What are major differences between the ERA5 reanalysis and CARRA?

First of all ERA5 is a global reanalysis based on the IFS model and CARRA is a regional reanalysis targeting the European part of the Arctic based on the HARMONIE-AROME model. They are different in terms of horizontal resolution (31 km in ERA5 vs. 2.5 km in CARRA), data assimilation algorithm (4D-Var in ERA5 vs. 3D-Var in CARRA), observation usage etc. In CARRA more emphasis was put on spatial resolution and on extended use of in-situ observation data. CARRA is providing added value with respect to ERA5. This is explained in details at the Copernicus Arctic Regional Reanalysis (CARRA): Added value to the ERA5 global reanalysis page. 

What is the accuracy of snow depth estimates?

The snow is an analysed quantity in CARRA, which means that the snow analysis corrects the modelled snow amount using the observed snow.

The following observations are used in the snow analysis:

1. Snow depths at synoptic stations and at additional networks of "climate observing stations".
2. "Pseudo observations" based on satellite products giving probability of snow in cloud free regions.

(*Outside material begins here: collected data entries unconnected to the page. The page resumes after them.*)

(* Let $\alpha,\beta,\gamma>0$ and set $\Omega=[0,1]$. For $x\in(0,1)$ and $y\in[0,1]$ define $$f(x,y)=-\left(\frac{1}{x(1-x)}\right)^{\gamma}-\alpha\exp\bigl(-\beta(x-y)\bigr),$$ and for a Borel probability measure $\mu$ on $[0,1]$ define the payoff $\varphi(x;\mu)=\int_{[0,1]} f(x,y)\,\mu(dy)$ for $x\in(0,1)$, with $\varphi(0;\mu)=\varphi(1;\mu)=-\infty$. Then the equation $$\frac{d}{dx}\left(\frac{1}{x(1-x)}\right)^{\gamma}=\alpha\beta$$ has a unique solution $x=\hat{x}\in(0,1)$. Moreover, the Dirac measure $\delta_{\{x=\hat x\}}$ is a pure Nash equilibrium of the game with payoff $\varphi$, i.e. $\hat x\in\arg\max_{x\in[0,1]}\varphi(x;\delta_{\{x=\hat x\}})$, and it is the only pure Nash equilibrium: if $z\in[0,1]$ satisfies $z\in\arg\max_{x\in[0,1]}\varphi(x;\delta_{\{x=z\}})$, then $z=\hat x$.
   Context: This is a population game on the action space $\Omega=[0,1]$: a distribution of actions of agents is a Borel probability measure $\mu$ on $\Omega$, and an agent choosing action $x$ receives payoff $\varphi(x;\mu)$. A pure Nash equilibrium is a Dirac measure $\delta_{\{x=z\}}$ concentrated at a point $z\in\Omega$ such that $z$ maximizes $x\mapsto\varphi(x;\delta_{\{x=z\}})$ over $\Omega$. *)

theory Defs
  imports "HOL-Probability.Probability"
begin

definition Omega :: "real measure" where
  "Omega = restrict_space borel {0..1}"

definition f_pay :: "real \<Rightarrow> real \<Rightarrow> real \<Rightarrow> real \<Rightarrow> real \<Rightarrow> real" where
  "f_pay \<alpha> \<beta> \<gamma> x y = - ((1 / (x * (1 - x))) powr \<gamma>) - \<alpha> * exp (- \<beta> * (x - y))"

definition phi :: "real \<Rightarrow> real \<Rightarrow> real \<Rightarrow> real \<Rightarrow> real measure \<Rightarrow> ereal" where
  "phi \<alpha> \<beta> \<gamma> x \<mu> = (if 0 < x \<and> x < 1 then ereal (\<integral>y. f_pay \<alpha> \<beta> \<gamma> x y \<partial>\<mu>) else - \<infinity>)"

definition pure_NE :: "(real \<Rightarrow> real measure \<Rightarrow> ereal) \<Rightarrow> real \<Rightarrow> bool" where
  "pure_NE \<phi> z \<longleftrightarrow> z \<in> {0..1} \<and>
     (\<forall>x\<in>{0..1}. \<phi> x (return Omega z) \<le> \<phi> z (return Omega z))"

end

theory Submission
  imports Defs
begin

text \<open>Write \<open>G(x) = (1 / (x (1 - x)))\<^sup>\<gamma>\<close>. Against the Dirac measure at \<open>z\<close> the payoff is
  \<open>x \<mapsto> f(x, z)\<close>, and \<open>\<partial>\<^sub>x f(x, z) = \<alpha>\<beta> exp(\<beta>(z - x)) - G'(x)\<close>. Since \<open>G'\<close> increases
  strictly from \<open>-\<infinity>\<close> to \<open>+\<infinity>\<close> on \<open>(0, 1)\<close>, the equation \<open>G'(x) = \<alpha>\<beta>\<close> has a unique root.
  An interior maximiser \<open>z\<close> of \<open>f(\<cdot>, z)\<close> must satisfy the first-order condition \<open>G'(z) = \<alpha>\<beta>\<close>;
  conversely, if \<open>G'(z) = \<alpha>\<beta>\<close>, then \<open>\<partial>\<^sub>x f(x, z) \<ge> \<alpha>\<beta> - G'(x) > 0\<close> for \<open>x < z\<close> and
  \<open>\<partial>\<^sub>x f(x, z) \<le> \<alpha>\<beta> - G'(x) < 0\<close> for \<open>x > z\<close>, so \<open>z\<close> is the global maximiser. The boundary
  points, where the payoff is \<open>-\<infinity>\<close>, are never equilibria.\<close>

definition barrier :: "real \<Rightarrow> real \<Rightarrow> real" where
  "barrier \<gamma> x = (1 / (x * (1 - x))) powr \<gamma>"

definition barrier_deriv :: "real \<Rightarrow> real \<Rightarrow> real" where
  "barrier_deriv \<gamma> x = \<gamma> * (2 * x - 1) * (x * (1 - x)) powr (- \<gamma> - 1)"

lemma barrier_eq_powr_neg: "0 < x \<Longrightarrow> x < 1 \<Longrightarrow> barrier \<gamma> x = (x * (1 - x)) powr (- \<gamma>)"
  by (simp add: barrier_def powr_minus_divide powr_divide)

lemma has_real_derivative_barrier:
  assumes "0 < x" "x < 1"
  shows "(barrier \<gamma> has_real_derivative barrier_deriv \<gamma> x) (at x)"
proof -
  have "((\<lambda>x. (x * (1 - x)) powr (- \<gamma>)) has_real_derivative barrier_deriv \<gamma> x) (at x)"
    using assms unfolding barrier_deriv_def
    by (auto intro!: derivative_eq_intros simp: algebra_simps)
  then show ?thesis
    by (rule has_field_derivative_transform_within_open[where S = "{0<..<1}"])
       (use assms in \<open>auto simp: barrier_eq_powr_neg\<close>)
qed

lemma has_real_derivative_barrier_iff:
  "0 < x \<Longrightarrow> x < 1 \<Longrightarrow> (barrier \<gamma> has_real_derivative d) (at x) \<longleftrightarrow> d = barrier_deriv \<gamma> x"
  using has_real_derivative_barrier DERIV_unique by blast

lemma barrier_deriv_has_pos_derivative:
  assumes "0 < x" "x < 1" "\<gamma> > 0"
  shows "\<exists>y. DERIV (barrier_deriv \<gamma>) x :> y \<and> y > 0"
proof -
  let ?p = "x * (1 - x)"
  have p: "?p > 0" using assms by simp
  have "DERIV (barrier_deriv \<gamma>) x :>
      \<gamma> * (2 * ?p powr (- \<gamma> - 1) + (\<gamma> + 1) * (2 * x - 1)\<^sup>2 * ?p powr (- \<gamma> - 2))"
    unfolding barrier_deriv_def using p
    by (auto intro!: derivative_eq_intros simp: algebra_simps power2_eq_square)
  moreover have "\<gamma> * (2 * ?p powr (- \<gamma> - 1) + (\<gamma> + 1) * (2 * x - 1)\<^sup>2 * ?p powr (- \<gamma> - 2)) > 0"
    using p assms by (intro mult_pos_pos add_pos_nonneg) auto
  ultimately show ?thesis by blast
qed

lemma continuous_on_barrier_deriv: "\<gamma> > 0 \<Longrightarrow> continuous_on {0<..<1} (barrier_deriv \<gamma>)"
  by (intro continuous_at_imp_continuous_on ballI)
     (metis DERIV_isCont barrier_deriv_has_pos_derivative greaterThanLessThan_iff)

lemma strict_mono_on_barrier_deriv:
  assumes "\<gamma> > 0"
  shows "strict_mono_on {0<..<1} (barrier_deriv \<gamma>)"
proof (rule strict_mono_onI)
  fix x y :: real assume "x \<in> {0<..<1}" "y \<in> {0<..<1}" "x < y"
  then show "barrier_deriv \<gamma> x < barrier_deriv \<gamma> y"
    using assms
    by (intro DERIV_pos_imp_increasing_open[OF \<open>x < y\<close>] barrier_deriv_has_pos_derivative
          continuous_on_subset[OF continuous_on_barrier_deriv]) auto
qed

lemma barrier_deriv_half [simp]: "barrier_deriv \<gamma> (1/2) = 0"
  by (simp add: barrier_deriv_def)

lemma barrier_deriv_unbounded:
  assumes "\<gamma> > 0" "c > 0"
  shows "\<exists>x. 1/2 \<le> x \<and> x < 1 \<and> c \<le> barrier_deriv \<gamma> x"
proof -
  define t where "t = min (1/4) (\<gamma> / (4 * c))"
  have t: "0 < t" "t \<le> 1/4" "4 * c * t \<le> \<gamma>"
    using assms by (auto simp: t_def min_def field_simps)
  define p where "p = (1 - t) * t"
  have p: "0 < p" "p \<le> t"
    using t by (auto simp: p_def mult_le_cancel_right1)
  then have "p \<le> 1"
    using t by linarith
  have "c \<le> \<gamma> / (4 * t)"
    using t by (simp add: field_simps)
  also have "\<dots> \<le> \<gamma> / (2 * t)"
    using t assms(1) by (simp add: frac_le)
  also have "\<dots> = (\<gamma> / 2) * (1 / t)"
    by simp
  also have "\<dots> \<le> \<gamma> * (1 - 2 * t) * (1 / p)"
    using t p assms(1) by (intro mult_mono frac_le) auto
  also have "1 / p = p powr (- 1)"
    using p by (simp add: powr_minus_divide)
  also have "\<gamma> * (1 - 2 * t) * p powr (- 1) \<le> \<gamma> * (1 - 2 * t) * p powr (- \<gamma> - 1)"
    using t p \<open>p \<le> 1\<close> assms(1) by (intro mult_left_mono powr_mono') auto
  also have "\<dots> = barrier_deriv \<gamma> (1 - t)"
    by (simp add: barrier_deriv_def p_def algebra_simps)
  finally show ?thesis
    using t by (intro exI[of _ "1 - t"]) auto
qed

lemma ex1_barrier_deriv_eq:
  assumes "\<gamma> > 0" "c > 0"
  shows "\<exists>!x. x \<in> {0<..<1} \<and> barrier_deriv \<gamma> x = c"
proof (rule ex_ex1I)
  obtain b where b: "1/2 \<le> b" "b < 1" "c \<le> barrier_deriv \<gamma> b"
    using barrier_deriv_unbounded assms by blast
  have "continuous_on {1/2..b} (barrier_deriv \<gamma>)"
    using b by (intro continuous_on_subset[OF continuous_on_barrier_deriv[OF assms(1)]]) auto
  then obtain x where "1/2 \<le> x" "x \<le> b" "barrier_deriv \<gamma> x = c"
    using IVT'[of "barrier_deriv \<gamma>" "1/2" c b] b assms(2) by auto
  with b show "\<exists>x. x \<in> {0<..<1} \<and> barrier_deriv \<gamma> x = c"
    by (intro exI[of _ x]) auto
next
  fix x y
  assume "x \<in> {0<..<1} \<and> barrier_deriv \<gamma> x = c" "y \<in> {0<..<1} \<and> barrier_deriv \<gamma> y = c"
  then show "x = y"
    using strict_mono_on_imp_inj_on[OF strict_mono_on_barrier_deriv[OF assms(1)]]
    by (auto dest: inj_onD)
qed

lemma has_real_derivative_f_pay:
  assumes "0 < x" "x < 1"
  shows "((\<lambda>x. f_pay \<alpha> \<beta> \<gamma> x c) has_real_derivative
           \<alpha> * \<beta> * exp (- \<beta> * (x - c)) - barrier_deriv \<gamma> x) (at x)"
proof -
  have "(\<lambda>x. f_pay \<alpha> \<beta> \<gamma> x c) = (\<lambda>x. - barrier \<gamma> x - \<alpha> * exp (- \<beta> * (x - c)))"
    by (simp add: fun_eq_iff f_pay_def barrier_def)
  then show ?thesis
    by (auto intro!: derivative_eq_intros has_real_derivative_barrier[OF assms])
qed

lemma continuous_on_f_pay:
  "{a..b} \<subseteq> {0<..<1} \<Longrightarrow> continuous_on {a..b} (\<lambda>x. f_pay \<alpha> \<beta> \<gamma> x c)"
  by (rule DERIV_continuous_on, rule has_field_derivative_at_within, rule has_real_derivative_f_pay) auto

lemma f_pay_best_response_iff:
  assumes "\<alpha> \<ge> 0" "\<beta> \<ge> 0" "\<gamma> > 0" "c \<in> {0<..<1}"
  shows "(\<forall>x\<in>{0<..<1}. f_pay \<alpha> \<beta> \<gamma> x c \<le> f_pay \<alpha> \<beta> \<gamma> c c) \<longleftrightarrow> barrier_deriv \<gamma> c = \<alpha> * \<beta>"
proof
  assume max: "\<forall>x\<in>{0<..<1}. f_pay \<alpha> \<beta> \<gamma> x c \<le> f_pay \<alpha> \<beta> \<gamma> c c"
  have "\<alpha> * \<beta> * exp (- \<beta> * (c - c)) - barrier_deriv \<gamma> c = 0"
  proof (rule DERIV_local_max[OF has_real_derivative_f_pay])
    show "\<forall>y. \<bar>c - y\<bar> < min c (1 - c) \<longrightarrow> f_pay \<alpha> \<beta> \<gamma> y c \<le> f_pay \<alpha> \<beta> \<gamma> c c"
      using max by (auto simp: abs_if split: if_splits)
  qed (use assms in auto)
  then show "barrier_deriv \<gamma> c = \<alpha> * \<beta>" by simp
next
  assume root: "barrier_deriv \<gamma> c = \<alpha> * \<beta>"
  have mono: "barrier_deriv \<gamma> x < barrier_deriv \<gamma> y" if "x \<in> {0<..<1}" "y \<in> {0<..<1}" "x < y" for x y
    using strict_mono_onD[OF strict_mono_on_barrier_deriv[OF assms(3)]] that by blast
  show "\<forall>x\<in>{0<..<1}. f_pay \<alpha> \<beta> \<gamma> x c \<le> f_pay \<alpha> \<beta> \<gamma> c c"
  proof
    fix x :: real assume x: "x \<in> {0<..<1}"
    consider "x \<le> c" | "c \<le> x" by linarith
    then show "f_pay \<alpha> \<beta> \<gamma> x c \<le> f_pay \<alpha> \<beta> \<gamma> c c"
    proof cases
      case 1
      show ?thesis
      proof (rule DERIV_nonneg_imp_increasing_open[OF 1 _ continuous_on_f_pay])
        fix y assume y: "x < y" "y < c"
        have "barrier_deriv \<gamma> y \<le> \<alpha> * \<beta>" using mono[of y c] root x y assms(4) by auto
        also have "\<dots> \<le> \<alpha> * \<beta> * exp (- \<beta> * (y - c))"
          using assms y by (simp add: mult_le_cancel_left1 mult_nonneg_nonpos mult_less_0_iff)
        finally show "\<exists>d. ((\<lambda>x. f_pay \<alpha> \<beta> \<gamma> x c) has_real_derivative d) (at y) \<and> d \<ge> 0"
          using has_real_derivative_f_pay[of y] x y assms(4) by force
      qed (use x assms in auto)
    next
      case 2
      show ?thesis
      proof (rule DERIV_nonpos_imp_decreasing_open[OF 2 _ continuous_on_f_pay])
        fix y assume y: "c < y" "y < x"
        have "\<alpha> * \<beta> * exp (- \<beta> * (y - c)) \<le> \<alpha> * \<beta>"
          using assms y by (intro mult_right_le_one_le) (auto simp: mult_nonneg_nonneg)
        also have "\<dots> \<le> barrier_deriv \<gamma> y" using mono[of c y] root x y assms(4) by auto
        finally show "\<exists>d. ((\<lambda>x. f_pay \<alpha> \<beta> \<gamma> x c) has_real_derivative d) (at y) \<and> d \<le> 0"
          using has_real_derivative_f_pay[of y] x y assms(4) by force
      qed (use x assms in auto)
    qed
  qed
qed

lemma phi_return:
  assumes "z \<in> {0..1}"
  shows "phi \<alpha> \<beta> \<gamma> x (return Omega z) =
           (if 0 < x \<and> x < 1 then ereal (f_pay \<alpha> \<beta> \<gamma> x z) else - \<infinity>)"
proof -
  have "f_pay \<alpha> \<beta> \<gamma> x \<in> borel_measurable Omega"
    unfolding f_pay_def Omega_def by (intro measurable_restrict_space1) measurable
  moreover have "space Omega = {0..1}"
    by (simp add: Omega_def space_restrict_space)
  ultimately show ?thesis
    using assms by (simp add: phi_def integral_return)
qed

lemma pure_NE_phi_iff:
  "pure_NE (phi \<alpha> \<beta> \<gamma>) z \<longleftrightarrow>
     z \<in> {0<..<1} \<and> (\<forall>x\<in>{0<..<1}. f_pay \<alpha> \<beta> \<gamma> x z \<le> f_pay \<alpha> \<beta> \<gamma> z z)"
proof
  assume "pure_NE (phi \<alpha> \<beta> \<gamma>) z"
  then have z: "z \<in> {0..1}"
    and le: "\<And>x. x \<in> {0..1} \<Longrightarrow> phi \<alpha> \<beta> \<gamma> x (return Omega z) \<le> phi \<alpha> \<beta> \<gamma> z (return Omega z)"
    by (auto simp: pure_NE_def)
  have "z \<in> {0<..<1}"
    using le[of "1/2"] z by (auto simp: phi_return split: if_splits)
  moreover have "f_pay \<alpha> \<beta> \<gamma> x z \<le> f_pay \<alpha> \<beta> \<gamma> z z" if "x \<in> {0<..<1}" for x
    using le[of x] that \<open>z \<in> {0<..<1}\<close> z by (simp add: phi_return)
  ultimately show "z \<in> {0<..<1} \<and> (\<forall>x\<in>{0<..<1}. f_pay \<alpha> \<beta> \<gamma> x z \<le> f_pay \<alpha> \<beta> \<gamma> z z)"
    by blast
next
  assume "z \<in> {0<..<1} \<and> (\<forall>x\<in>{0<..<1}. f_pay \<alpha> \<beta> \<gamma> x z \<le> f_pay \<alpha> \<beta> \<gamma> z z)"
  then show "pure_NE (phi \<alpha> \<beta> \<gamma>) z"
    by (auto simp: pure_NE_def phi_return)
qed

theorem mainTheorem1:
  fixes \<alpha> \<beta> \<gamma> :: real
  assumes "\<alpha> > 0" and "\<beta> > 0" and "\<gamma> > 0"
  shows "\<exists>xh. xh \<in> {0<..<1}
     \<and> ((\<lambda>x. (1 / (x * (1 - x))) powr \<gamma>) has_real_derivative (\<alpha> * \<beta>)) (at xh)
     \<and> (\<forall>x\<in>{0<..<1}. ((\<lambda>x. (1 / (x * (1 - x))) powr \<gamma>) has_real_derivative (\<alpha> * \<beta>)) (at x) \<longrightarrow> x = xh)
     \<and> pure_NE (phi \<alpha> \<beta> \<gamma>) xh
     \<and> (\<forall>z. pure_NE (phi \<alpha> \<beta> \<gamma>) z \<longrightarrow> z = xh)"
proof -
  have barrier_lambda: "(\<lambda>x. (1 / (x * (1 - x))) powr \<gamma>) = barrier \<gamma>"
    by (simp add: fun_eq_iff barrier_def)
  obtain xh where xh: "xh \<in> {0<..<1}" "barrier_deriv \<gamma> xh = \<alpha> * \<beta>"
    and unique: "\<And>x. x \<in> {0<..<1} \<Longrightarrow> barrier_deriv \<gamma> x = \<alpha> * \<beta> \<Longrightarrow> x = xh"
    using ex1_barrier_deriv_eq[of \<gamma> "\<alpha> * \<beta>"] assms by auto
  have NE_iff: "pure_NE (phi \<alpha> \<beta> \<gamma>) z \<longleftrightarrow> z \<in> {0<..<1} \<and> barrier_deriv \<gamma> z = \<alpha> * \<beta>" for z
    using pure_NE_phi_iff[of \<alpha> \<beta> \<gamma> z] f_pay_best_response_iff[of \<alpha> \<beta> \<gamma> z] assms by auto
  have deriv_iff: "(barrier \<gamma> has_real_derivative \<alpha> * \<beta>) (at x) \<longleftrightarrow> barrier_deriv \<gamma> x = \<alpha> * \<beta>"
    if "x \<in> {0<..<1}" for x
    using has_real_derivative_barrier_iff[of x \<gamma> "\<alpha> * \<beta>"] that by auto
  show ?thesis
    unfolding barrier_lambda NE_iff
    using xh unique deriv_iff by blast
qed

end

The performance of such analysis is good in regions with representative observations. Lack of conventional observations in parts of the domain, e.g. in Greenland and Svalbard, necessitated the use of satellite snow data for CARRA. The use of satellite snow extent in addition to snow depth observations helps to distinguish between snow free and snow covered ground in the melting season and leads also to improved T2m scores.

The snow analysis in CARRA uses (for technical reasons) climatological mean values of snow density in the conversion of observed snow depths to Snow Water Equivalent (SWE), leading to small systematic errors in the snow amounts during the winter.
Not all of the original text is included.